- _What to do_
Only the lines that contain the string "subseteq" belong in the answer; pull them from the records.

Given data Start Marker

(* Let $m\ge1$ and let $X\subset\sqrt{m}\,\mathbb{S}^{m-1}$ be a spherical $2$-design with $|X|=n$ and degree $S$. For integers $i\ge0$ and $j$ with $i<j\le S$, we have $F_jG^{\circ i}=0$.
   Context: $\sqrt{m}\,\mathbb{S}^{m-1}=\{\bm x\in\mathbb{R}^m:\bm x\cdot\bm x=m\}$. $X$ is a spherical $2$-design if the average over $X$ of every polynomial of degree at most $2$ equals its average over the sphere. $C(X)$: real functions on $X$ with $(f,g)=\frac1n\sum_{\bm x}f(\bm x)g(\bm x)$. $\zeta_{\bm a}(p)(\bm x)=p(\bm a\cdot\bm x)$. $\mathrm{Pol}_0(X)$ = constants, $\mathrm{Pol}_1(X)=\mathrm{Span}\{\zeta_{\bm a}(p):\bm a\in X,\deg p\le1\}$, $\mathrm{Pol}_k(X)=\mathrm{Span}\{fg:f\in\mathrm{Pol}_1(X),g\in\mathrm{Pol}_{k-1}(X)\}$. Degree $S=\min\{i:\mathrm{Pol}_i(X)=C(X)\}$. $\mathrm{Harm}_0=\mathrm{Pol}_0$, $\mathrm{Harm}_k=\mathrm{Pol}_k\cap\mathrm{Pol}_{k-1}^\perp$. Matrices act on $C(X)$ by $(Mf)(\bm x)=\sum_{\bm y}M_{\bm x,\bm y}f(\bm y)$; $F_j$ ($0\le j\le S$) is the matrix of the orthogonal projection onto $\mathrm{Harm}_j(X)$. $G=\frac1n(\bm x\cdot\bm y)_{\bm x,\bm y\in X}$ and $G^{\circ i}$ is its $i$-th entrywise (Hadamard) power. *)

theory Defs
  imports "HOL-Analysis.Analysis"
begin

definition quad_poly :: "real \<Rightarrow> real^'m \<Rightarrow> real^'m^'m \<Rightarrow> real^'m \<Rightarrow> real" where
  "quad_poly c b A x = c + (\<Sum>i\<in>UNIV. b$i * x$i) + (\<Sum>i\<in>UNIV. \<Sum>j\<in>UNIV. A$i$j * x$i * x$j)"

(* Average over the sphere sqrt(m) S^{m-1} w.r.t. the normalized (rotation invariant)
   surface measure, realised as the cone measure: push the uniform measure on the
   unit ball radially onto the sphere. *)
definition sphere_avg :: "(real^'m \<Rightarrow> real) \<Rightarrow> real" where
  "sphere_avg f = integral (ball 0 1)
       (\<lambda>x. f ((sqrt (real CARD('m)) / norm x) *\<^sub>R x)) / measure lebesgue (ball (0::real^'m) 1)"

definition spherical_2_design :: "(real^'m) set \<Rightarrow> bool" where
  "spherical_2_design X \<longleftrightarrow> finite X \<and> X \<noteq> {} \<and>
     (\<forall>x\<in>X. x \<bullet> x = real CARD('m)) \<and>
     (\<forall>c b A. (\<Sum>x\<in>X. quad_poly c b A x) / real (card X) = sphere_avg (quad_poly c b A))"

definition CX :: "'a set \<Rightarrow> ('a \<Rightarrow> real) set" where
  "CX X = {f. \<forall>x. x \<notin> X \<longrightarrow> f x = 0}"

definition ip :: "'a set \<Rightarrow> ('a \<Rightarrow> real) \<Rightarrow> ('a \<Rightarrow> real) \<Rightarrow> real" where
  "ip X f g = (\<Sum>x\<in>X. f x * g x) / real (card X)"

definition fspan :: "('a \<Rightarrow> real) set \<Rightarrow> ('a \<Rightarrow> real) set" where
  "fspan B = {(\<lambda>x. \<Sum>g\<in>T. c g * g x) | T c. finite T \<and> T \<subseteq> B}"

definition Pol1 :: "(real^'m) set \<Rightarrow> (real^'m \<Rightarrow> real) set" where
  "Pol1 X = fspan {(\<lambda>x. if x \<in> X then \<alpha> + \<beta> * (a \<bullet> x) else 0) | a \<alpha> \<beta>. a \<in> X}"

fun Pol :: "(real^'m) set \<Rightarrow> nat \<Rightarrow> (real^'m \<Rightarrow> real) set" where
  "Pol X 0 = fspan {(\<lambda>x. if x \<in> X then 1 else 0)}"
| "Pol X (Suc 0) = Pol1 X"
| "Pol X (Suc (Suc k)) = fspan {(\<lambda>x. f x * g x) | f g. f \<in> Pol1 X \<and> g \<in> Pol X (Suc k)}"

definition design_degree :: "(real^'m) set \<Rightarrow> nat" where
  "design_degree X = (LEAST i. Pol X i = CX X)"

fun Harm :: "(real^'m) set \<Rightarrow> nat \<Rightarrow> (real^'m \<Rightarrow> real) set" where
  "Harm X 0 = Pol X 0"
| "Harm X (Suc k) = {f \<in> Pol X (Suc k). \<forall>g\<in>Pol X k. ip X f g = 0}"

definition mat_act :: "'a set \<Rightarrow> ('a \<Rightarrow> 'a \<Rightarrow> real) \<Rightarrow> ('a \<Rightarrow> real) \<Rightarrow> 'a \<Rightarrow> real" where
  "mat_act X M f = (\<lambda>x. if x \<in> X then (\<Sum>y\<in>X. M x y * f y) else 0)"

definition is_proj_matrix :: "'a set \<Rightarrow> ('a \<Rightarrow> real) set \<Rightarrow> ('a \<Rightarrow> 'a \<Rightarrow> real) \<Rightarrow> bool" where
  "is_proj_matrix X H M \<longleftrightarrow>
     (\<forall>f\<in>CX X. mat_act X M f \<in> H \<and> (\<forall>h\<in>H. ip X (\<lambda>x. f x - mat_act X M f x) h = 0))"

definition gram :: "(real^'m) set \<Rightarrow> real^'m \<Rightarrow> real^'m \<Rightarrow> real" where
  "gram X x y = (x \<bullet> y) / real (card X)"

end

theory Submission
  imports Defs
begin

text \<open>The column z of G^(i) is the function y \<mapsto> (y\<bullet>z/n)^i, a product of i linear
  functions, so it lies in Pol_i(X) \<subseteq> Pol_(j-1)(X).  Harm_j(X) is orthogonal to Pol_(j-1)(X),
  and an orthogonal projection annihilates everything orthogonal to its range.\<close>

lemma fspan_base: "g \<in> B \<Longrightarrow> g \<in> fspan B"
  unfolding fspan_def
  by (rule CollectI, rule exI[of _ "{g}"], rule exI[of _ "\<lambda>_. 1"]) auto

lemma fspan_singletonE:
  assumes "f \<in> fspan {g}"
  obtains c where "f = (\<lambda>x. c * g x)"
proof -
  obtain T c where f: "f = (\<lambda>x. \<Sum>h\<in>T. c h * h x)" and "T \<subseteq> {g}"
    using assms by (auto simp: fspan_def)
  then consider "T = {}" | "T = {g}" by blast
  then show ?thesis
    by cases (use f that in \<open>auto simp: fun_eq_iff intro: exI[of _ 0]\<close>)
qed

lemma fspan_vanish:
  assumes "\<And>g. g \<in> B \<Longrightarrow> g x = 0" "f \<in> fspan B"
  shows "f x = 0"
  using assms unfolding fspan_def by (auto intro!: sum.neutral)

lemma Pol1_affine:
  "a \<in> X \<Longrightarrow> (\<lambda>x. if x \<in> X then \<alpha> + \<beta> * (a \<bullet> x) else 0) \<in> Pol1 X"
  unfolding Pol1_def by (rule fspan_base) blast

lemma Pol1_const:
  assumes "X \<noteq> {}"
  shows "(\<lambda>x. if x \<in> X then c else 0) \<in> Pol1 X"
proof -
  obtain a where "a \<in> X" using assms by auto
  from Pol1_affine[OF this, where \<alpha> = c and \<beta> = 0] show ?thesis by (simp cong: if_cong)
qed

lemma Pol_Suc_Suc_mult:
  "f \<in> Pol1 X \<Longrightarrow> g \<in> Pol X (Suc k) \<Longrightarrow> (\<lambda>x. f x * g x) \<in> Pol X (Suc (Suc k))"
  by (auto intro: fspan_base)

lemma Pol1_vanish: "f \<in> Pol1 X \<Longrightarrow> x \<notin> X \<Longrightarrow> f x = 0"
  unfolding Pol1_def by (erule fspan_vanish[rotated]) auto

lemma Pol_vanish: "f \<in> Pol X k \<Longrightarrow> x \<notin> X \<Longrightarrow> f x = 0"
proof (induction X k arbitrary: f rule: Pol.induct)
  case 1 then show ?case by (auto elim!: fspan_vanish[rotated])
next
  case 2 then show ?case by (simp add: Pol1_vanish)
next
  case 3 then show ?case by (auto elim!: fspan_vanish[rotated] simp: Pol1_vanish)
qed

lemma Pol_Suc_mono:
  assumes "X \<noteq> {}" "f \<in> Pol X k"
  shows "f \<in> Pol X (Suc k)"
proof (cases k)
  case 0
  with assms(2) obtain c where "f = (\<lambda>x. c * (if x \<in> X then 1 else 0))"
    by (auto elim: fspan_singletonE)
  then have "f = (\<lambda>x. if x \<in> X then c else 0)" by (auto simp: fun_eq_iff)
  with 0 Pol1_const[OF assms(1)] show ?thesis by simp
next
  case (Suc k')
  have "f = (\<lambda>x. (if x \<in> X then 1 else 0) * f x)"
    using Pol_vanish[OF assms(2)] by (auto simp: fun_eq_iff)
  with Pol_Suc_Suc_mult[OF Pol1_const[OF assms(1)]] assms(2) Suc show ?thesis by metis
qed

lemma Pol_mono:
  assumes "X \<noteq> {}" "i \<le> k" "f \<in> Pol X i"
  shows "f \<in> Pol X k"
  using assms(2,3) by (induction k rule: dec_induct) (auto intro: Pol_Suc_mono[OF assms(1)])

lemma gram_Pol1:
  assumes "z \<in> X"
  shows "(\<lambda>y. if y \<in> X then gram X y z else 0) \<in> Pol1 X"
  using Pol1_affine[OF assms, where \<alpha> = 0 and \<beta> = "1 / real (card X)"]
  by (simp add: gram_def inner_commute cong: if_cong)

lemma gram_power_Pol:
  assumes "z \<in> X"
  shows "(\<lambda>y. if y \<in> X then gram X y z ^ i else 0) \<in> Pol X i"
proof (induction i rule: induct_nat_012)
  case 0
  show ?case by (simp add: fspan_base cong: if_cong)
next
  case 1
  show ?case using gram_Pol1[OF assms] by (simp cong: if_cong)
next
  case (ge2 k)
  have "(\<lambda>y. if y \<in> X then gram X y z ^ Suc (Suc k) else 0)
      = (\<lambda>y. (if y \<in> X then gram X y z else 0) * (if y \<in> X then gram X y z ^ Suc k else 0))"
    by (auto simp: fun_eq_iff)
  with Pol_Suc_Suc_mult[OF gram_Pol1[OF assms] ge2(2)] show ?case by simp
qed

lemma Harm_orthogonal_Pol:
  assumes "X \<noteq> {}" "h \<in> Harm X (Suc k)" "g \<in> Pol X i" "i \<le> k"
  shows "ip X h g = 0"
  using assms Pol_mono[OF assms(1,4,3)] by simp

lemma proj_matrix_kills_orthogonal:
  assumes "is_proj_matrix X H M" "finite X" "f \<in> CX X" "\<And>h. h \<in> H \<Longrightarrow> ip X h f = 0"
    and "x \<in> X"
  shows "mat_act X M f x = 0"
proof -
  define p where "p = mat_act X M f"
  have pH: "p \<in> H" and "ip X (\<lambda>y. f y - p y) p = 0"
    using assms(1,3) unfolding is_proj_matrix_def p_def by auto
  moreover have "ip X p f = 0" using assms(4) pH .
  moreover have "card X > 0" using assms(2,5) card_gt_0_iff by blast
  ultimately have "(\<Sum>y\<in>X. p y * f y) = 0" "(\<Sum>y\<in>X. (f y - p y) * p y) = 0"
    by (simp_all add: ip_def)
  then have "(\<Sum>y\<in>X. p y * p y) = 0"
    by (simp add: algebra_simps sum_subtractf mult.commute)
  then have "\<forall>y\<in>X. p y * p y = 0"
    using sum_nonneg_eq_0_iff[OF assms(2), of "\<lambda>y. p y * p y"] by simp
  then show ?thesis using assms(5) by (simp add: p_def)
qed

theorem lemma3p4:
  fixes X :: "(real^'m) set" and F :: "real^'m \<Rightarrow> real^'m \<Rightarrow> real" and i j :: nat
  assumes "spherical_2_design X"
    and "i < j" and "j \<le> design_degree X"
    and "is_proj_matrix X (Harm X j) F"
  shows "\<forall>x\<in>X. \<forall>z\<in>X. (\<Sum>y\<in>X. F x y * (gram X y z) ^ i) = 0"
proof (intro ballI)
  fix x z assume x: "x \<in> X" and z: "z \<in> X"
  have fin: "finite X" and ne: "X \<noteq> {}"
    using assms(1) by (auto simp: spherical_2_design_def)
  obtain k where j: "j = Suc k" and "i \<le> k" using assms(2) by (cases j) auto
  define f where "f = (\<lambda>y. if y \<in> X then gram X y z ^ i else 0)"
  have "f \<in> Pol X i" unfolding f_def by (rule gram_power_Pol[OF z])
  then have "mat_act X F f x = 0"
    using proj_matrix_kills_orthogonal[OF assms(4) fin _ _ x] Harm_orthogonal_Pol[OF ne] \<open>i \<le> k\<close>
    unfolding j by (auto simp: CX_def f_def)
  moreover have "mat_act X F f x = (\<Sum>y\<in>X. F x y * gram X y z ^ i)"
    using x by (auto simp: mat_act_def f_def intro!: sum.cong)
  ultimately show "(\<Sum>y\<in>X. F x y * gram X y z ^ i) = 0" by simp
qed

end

Given data End Marker

- _Answer box_
  "fspan B = {(\<lambda>x. \<Sum>g\<in>T. c g * g x) | T c. finite T \<and> T \<subseteq> B}"
  functions, so it lies in Pol_i(X) \<subseteq> Pol_(j-1)(X).  Harm_j(X) is orthogonal to Pol_(j-1)(X),
  obtain T c where f: "f = (\<lambda>x. \<Sum>h\<in>T. c h * h x)" and "T \<subseteq> {g}"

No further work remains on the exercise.